- Born: August 3, 1925
- Died: November 27, 2004 (aged 79) Tulsa, Oklahoma, United States
- Education: Ozark Bible College Pikes Peak Bible Seminary Burton College and Seminary
- Occupations: Christian evangelist Conservative political activist
- Spouse: Betty Jane Secrest Hargis (married 1951)
- Children: Bryan Joseph Hargis (died in infancy) Becky J. Frank Bonnie Jane Choisnard Brenda Jo Epperley Billy James Hargis II (deceased)
- Parent(s): Jimmie Earsel Hargis and Laura Lucille Hargis

= Billy James Hargis =

American televangelist (1925–2004)

Billy James Hargis (August 3, 1925 – November 27, 2004) was an American Christian evangelist. At the height of his popularity in the 1950s and 1960s, his Christian Crusade ministry was broadcast on over 500 radio stations and 250 television stations. He promoted an anti-Communist, segregationist message as well as evangelizing, and founded a radio station, monthly newspaper, and a college in Tulsa, Oklahoma to support his ministries. In 1974, several students at his American Christian College accused Hargis of sexual misconduct; however, the Tulsa district attorney did not press charges. Hargis went into partial retirement, and the college closed in 1977. He continued to publish his newspaper and write books.

==Biography==
Hargis was adopted by a railroad employee, Jimmie Earsel Hargis, and his wife, Laura Lucille Hargis. By the time the boy was ten, his adoptive mother was in poor health and close to death. The boy had been baptized, and had few pleasures other than the family's daily Bible readings because his family was too poor during the Great Depression to own a radio. When his mother was hospitalized, Hargis promised to devote himself to God if she was spared from death. She recovered and, at age 17, Hargis was ordained in the Disciples of Christ denomination, even before completing Bible college. After a few years, he left his pastorate for a ministry of radio preaching.

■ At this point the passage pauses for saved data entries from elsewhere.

lemma bornology_subset: "bornology S Bor \<Longrightarrow> B \<in> Bor \<Longrightarrow> C \<subseteq> B \<Longrightarrow> C \<in> Bor"
  unfolding bornology_def by blast

lemma bornology_Un: "bornology S Bor \<Longrightarrow> B \<in> Bor \<Longrightarrow> C \<in> Bor \<Longrightarrow> B \<union> C \<in> Bor"
  unfolding bornology_def by blast

lemma bornology_singleton: "bornology S Bor \<Longrightarrow> x \<in> S \<Longrightarrow> {x} \<in> Bor"
  unfolding bornology_def by blast

lemma bornology_empty: "bornology S Bor \<Longrightarrow> x \<in> S \<Longrightarrow> {} \<in> Bor"
  unfolding bornology_def by blast

lemma bornology_subset_space: "bornology S Bor \<Longrightarrow> B \<in> Bor \<Longrightarrow> B \<subseteq> S"
  unfolding bornology_def by blast

lemma bornology_induced:
  assumes "bornology S Bor" and "H \<subseteq> S"
  shows "bornology H (induced_bornology Bor H)"
  unfolding bornology_def induced_bornology_def
proof (intro conjI)
  show "\<Union>{B \<in> Bor. B \<subseteq> H} = H"
    using bornology_singleton[OF assms(1)] assms(2) by blast
qed (use assms(1) in \<open>auto simp: bornology_def\<close>)

lemma coarsely_clopen_Int:
  assumes bor: "bornology (carrier G) Bor"
    and A: "coarsely_clopen G Bor A" and B: "coarsely_clopen G Bor B"
  shows "coarsely_clopen G Bor (A \<inter> B)"
  unfolding coarsely_clopen_def
proof (intro conjI allI impI)
  show "A \<inter> B \<subseteq> carrier G" using A unfolding coarsely_clopen_def by blast
  fix Us assume Us: "unif_bounded G Bor Us"
  have "star (A \<inter> B) Us \<inter> star (carrier G - A \<inter> B) Us \<subseteq>
     (star A Us \<inter> star (carrier G - A) Us) \<union> (star B Us \<inter> star (carrier G - B) Us)"
    unfolding star_def by blast
  moreover have "(star A Us \<inter> star (carrier G - A) Us) \<union> (star B Us \<inter> star (carrier G - B) Us) \<in> Bor"
    using A B Us bornology_Un[OF bor] unfolding coarsely_clopen_def by blast
  ultimately show "star (A \<inter> B) Us \<inter> star (carrier G - A \<inter> B) Us \<in> Bor"
    using bornology_subset[OF bor] by blast
qed

lemma coarsely_clopen_carrier:
  assumes "bornology (carrier G) Bor" and "carrier G \<noteq> {}"
  shows "coarsely_clopen G Bor (carrier G)"
proof -
  have "{} \<in> Bor" using assms bornology_empty by (metis ex_in_conv)
  moreover have "star (carrier G - carrier G) Us = {}" for Us unfolding star_def by blast
  ultimately show ?thesis unfolding coarsely_clopen_def by simp
qed

lemma coarsely_clopen_carrier_Inter:
  assumes bor: "bornology (carrier G) Bor" and ne: "carrier G \<noteq> {}"
    and "finite F" and "\<forall>A\<in>F. coarsely_clopen G Bor A"
  shows "coarsely_clopen G Bor (carrier G \<inter> \<Inter>F)"
  using assms(3,4)
proof (induction F rule: finite_induct)
  case empty
  then show ?case using coarsely_clopen_carrier[OF bor ne] by simp
next
  case (insert A F)
  then have "A \<subseteq> carrier G" unfolding coarsely_clopen_def by blast
  then have "carrier G \<inter> \<Inter>(insert A F) = A \<inter> (carrier G \<inter> \<Inter>F)" by blast
  then show ?case using coarsely_clopen_Int[OF bor] insert by simp
qed

lemma fin_int_unbounded_chain_Union:
  assumes "subset.chain Fams Ch" and "Ch \<noteq> {}"
    and "\<forall>Es\<in>Ch. fin_int_unbounded S Bor Es"
  shows "fin_int_unbounded S Bor (\<Union>Ch)"
  unfolding fin_int_unbounded_def
proof (intro allI impI)
  fix Fs assume "Fs \<subseteq> \<Union>Ch \<and> finite Fs"
  then obtain Es where "Es \<in> Ch" "Fs \<subseteq> Es" "finite Fs"
    using finite_subset_Union_chain[OF _ _ assms(2,1)] by metis
  then show "S \<inter> \<Inter>Fs \<notin> Bor" using assms(3) unfolding fin_int_unbounded_def by blast
qed

lemma is_end_extends:
  assumes "\<forall>A\<in>R. coarsely_clopen G Bor A \<and> A \<notin> Bor"
    and "fin_int_unbounded (carrier G) Bor R"
  obtains E where "is_end G Bor E" and "R \<subseteq> E"
proof -
  define Fams where "Fams = {Es. R \<subseteq> Es \<and> (\<forall>A\<in>Es. coarsely_clopen G Bor A \<and> A \<notin> Bor) \<and>
      fin_int_unbounded (carrier G) Bor Es}"
  have "\<exists>E\<in>Fams. \<forall>Es\<in>Fams. E \<subseteq> Es \<longrightarrow> Es = E"
  proof (rule subset_Zorn)
    fix Ch assume ch: "subset.chain Fams Ch"
    show "\<exists>U\<in>Fams. \<forall>Es\<in>Ch. Es \<subseteq> U"
    proof (cases "Ch = {}")
      case True
      then show ?thesis using assms unfolding Fams_def by blast
    next
      case False
      have "Ch \<subseteq> Fams" using ch unfolding subset_chain_def by blast
      then have "\<Union>Ch \<in> Fams"
        using False fin_int_unbounded_chain_Union[OF ch False] unfolding Fams_def by blast
      then show ?thesis by blast
    qed
  qed
  then obtain E where E: "E \<in> Fams" and max: "\<forall>Es\<in>Fams. E \<subseteq> Es \<longrightarrow> Es = E" by blast
  have "is_end G Bor E"
    unfolding is_end_def
  proof (intro conjI allI impI)
    show "\<forall>A\<in>E. coarsely_clopen G Bor A \<and> A \<notin> Bor"
      and "fin_int_unbounded (carrier G) Bor E" using E unfolding Fams_def by simp_all
    fix Es assume Es: "E \<subseteq> Es \<and> (\<forall>A\<in>Es. coarsely_clopen G Bor A \<and> A \<notin> Bor) \<and>
        fin_int_unbounded (carrier G) Bor Es"
    have "R \<subseteq> Es" using E Es unfolding Fams_def by blast
    with Es have "Es \<in> Fams" unfolding Fams_def by blast
    with max Es show "Es = E" by blast
  qed
  moreover have "R \<subseteq> E" using E unfolding Fams_def by simp
  ultimately show ?thesis by (rule that)
qed

lemma is_end_maximal:
  assumes "is_end G Bor E" and "E \<subseteq> Es" and "\<forall>A\<in>Es. coarsely_clopen G Bor A \<and> A \<notin> Bor"
    and "fin_int_unbounded (carrier G) Bor Es"
  shows "Es = E"
  using assms unfolding is_end_def by (elim conjE allE) (erule mp, intro conjI)

lemma distinct_ends_separated:
  assumes bor: "bornology (carrier G) Bor"
    and E: "is_end G Bor E" and E': "is_end G Bor E'" and "E \<noteq> E'"
  obtains F F' where "finite F" "F \<subseteq> E" "finite F'" "F' \<subseteq> E'"
    and "carrier G \<inter> \<Inter>F \<inter> \<Inter>F' \<in> Bor"
proof -
  have props: "\<forall>A\<in>E. coarsely_clopen G Bor A \<and> A \<notin> Bor"
    "\<forall>A\<in>E'. coarsely_clopen G Bor A \<and> A \<notin> Bor"
    "fin_int_unbounded (carrier G) Bor E"
    using E E' unfolding is_end_def by simp_all
  have "\<not> E \<subseteq> E'"
  proof
    assume "E \<subseteq> E'"
    then have "E' = E" using is_end_maximal[OF E _ props(2)] E' unfolding is_end_def by simp
    then show False using \<open>E \<noteq> E'\<close> by simp
  qed
  then obtain A where A: "A \<in> E" "A \<notin> E'" by blast
  have "\<forall>B\<in>insert A E'. coarsely_clopen G Bor B \<and> B \<notin> Bor"
    using props A by simp
  then have "\<not> fin_int_unbounded (carrier G) Bor (insert A E')"
    using is_end_maximal[OF E', of "insert A E'"] A by blast
  then obtain Fs where Fs: "Fs \<subseteq> insert A E'" "finite Fs" "carrier G \<inter> \<Inter>Fs \<in> Bor"
    unfolding fin_int_unbounded_def by blast
  have "carrier G \<inter> \<Inter>{A} \<inter> \<Inter>(Fs - {A}) \<subseteq> carrier G \<inter> \<Inter>Fs" by blast
  then have "carrier G \<inter> \<Inter>{A} \<inter> \<Inter>(Fs - {A}) \<in> Bor"
    by (rule bornology_subset[OF bor Fs(3)])
  with A Fs show ?thesis by (intro that[of "{A}" "Fs - {A}"]) auto
qed

lemma (in group) unif_bounded_l_cosets:
  assumes bor: "bornology (carrier G) Bor" and "B \<in> Bor" and "\<one> \<in> B"
  shows "unif_bounded G Bor ((\<lambda>g. g <# B) ` carrier G)"
proof -
  have "B \<subseteq> carrier G" using bornology_subset_space[OF bor \<open>B \<in> Bor\<close>] .
  then have "g <# B \<subseteq> carrier G" if "g \<in> carrier G" for g
    using l_coset_subset_G that by blast
  moreover have "g \<in> g <# B" if "g \<in> carrier G" for g
    using \<open>\<one> \<in> B\<close> that unfolding l_coset_def by force
  ultimately show ?thesis
    using \<open>B \<in> Bor\<close> unfolding unif_bounded_def by blast
qed

lemma (in group) coarsely_clopen_boundary_bounded:
  assumes bor: "bornology (carrier G) Bor" and C: "coarsely_clopen G Bor C" and S: "S \<in> Bor"
  shows "{x \<in> C. \<exists>s\<in>S. x \<otimes> s \<notin> C} \<in> Bor"
proof -
  define B where "B = insert \<one> S"
  have "B \<in> Bor"
    using bornology_Un[OF bor bornology_singleton[OF bor one_closed] S] unfolding B_def by simp
  define Us where "Us = (\<lambda>g. g <# B) ` carrier G"
  have "star C Us \<inter> star (carrier G - C) Us \<in> Bor"
    using C unif_bounded_l_cosets[OF bor \<open>B \<in> Bor\<close>] unfolding coarsely_clopen_def Us_def B_def
    by blast
  moreover have "{x \<in> C. \<exists>s\<in>S. x \<otimes> s \<notin> C} \<subseteq> star C Us \<inter> star (carrier G - C) Us"
  proof
    fix x assume "x \<in> {x \<in> C. \<exists>s\<in>S. x \<otimes> s \<notin> C}"
    then obtain s where x: "x \<in> C" and s: "s \<in> S" "x \<otimes> s \<notin> C" by blast
    have "x \<in> carrier G" "s \<in> carrier G"
      using x s C bornology_subset_space[OF bor S] unfolding coarsely_clopen_def by auto
    moreover have "x \<in> x <# B" "x \<otimes> s \<in> x <# B"
      using \<open>x \<in> carrier G\<close> s unfolding l_coset_def B_def by force+
    ultimately show "x \<in> star C Us \<inter> star (carrier G - C) Us"
      using x s unfolding star_def Us_def by blast
  qed
  ultimately show ?thesis using bornology_subset[OF bor] by blast
qed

In 1943, Hargis entered Ozark Bible College in Bentonville, Arkansas, and studied there for one year. By 1947, when he became concerned about Communism, he was pastor of the First Christian Church in Sapulpa, a city west of Tulsa. He later received his Bachelor of Arts degree from Pikes Peak Bible Seminary in 1957 and a theology degree from Burton College and Seminary in Colorado in 1958.

In 1950, he established an organization called the Christian Crusade. In the mid-1950s, Hargis was closely associated with the evangelist Carl McIntire and in the early 1960s Hargis had developed a close relationship with the resigned United States Army Major General Edwin Walker, but he increasingly went his own way in preaching anti-Communism. His targets included government and popular singers. In 1957, the Disciples of Christ denomination withdrew his ordination because he attacked other churches in his anti-Communist crusade. Still, by then, Hargis' radio program was bringing in $1 million annually, and he had established a degree of financial and theological independence. In 1960, the Federal Bureau of Investigation investigated Hargis, suspecting him of being linked to recent bombing attacks on Little Rock public schools and of planning to bomb Philander Smith College. No evidence was found and no charges were filed. On May 31, 1961, Bob Jones University honored Hargis with an honorary Doctor of Laws.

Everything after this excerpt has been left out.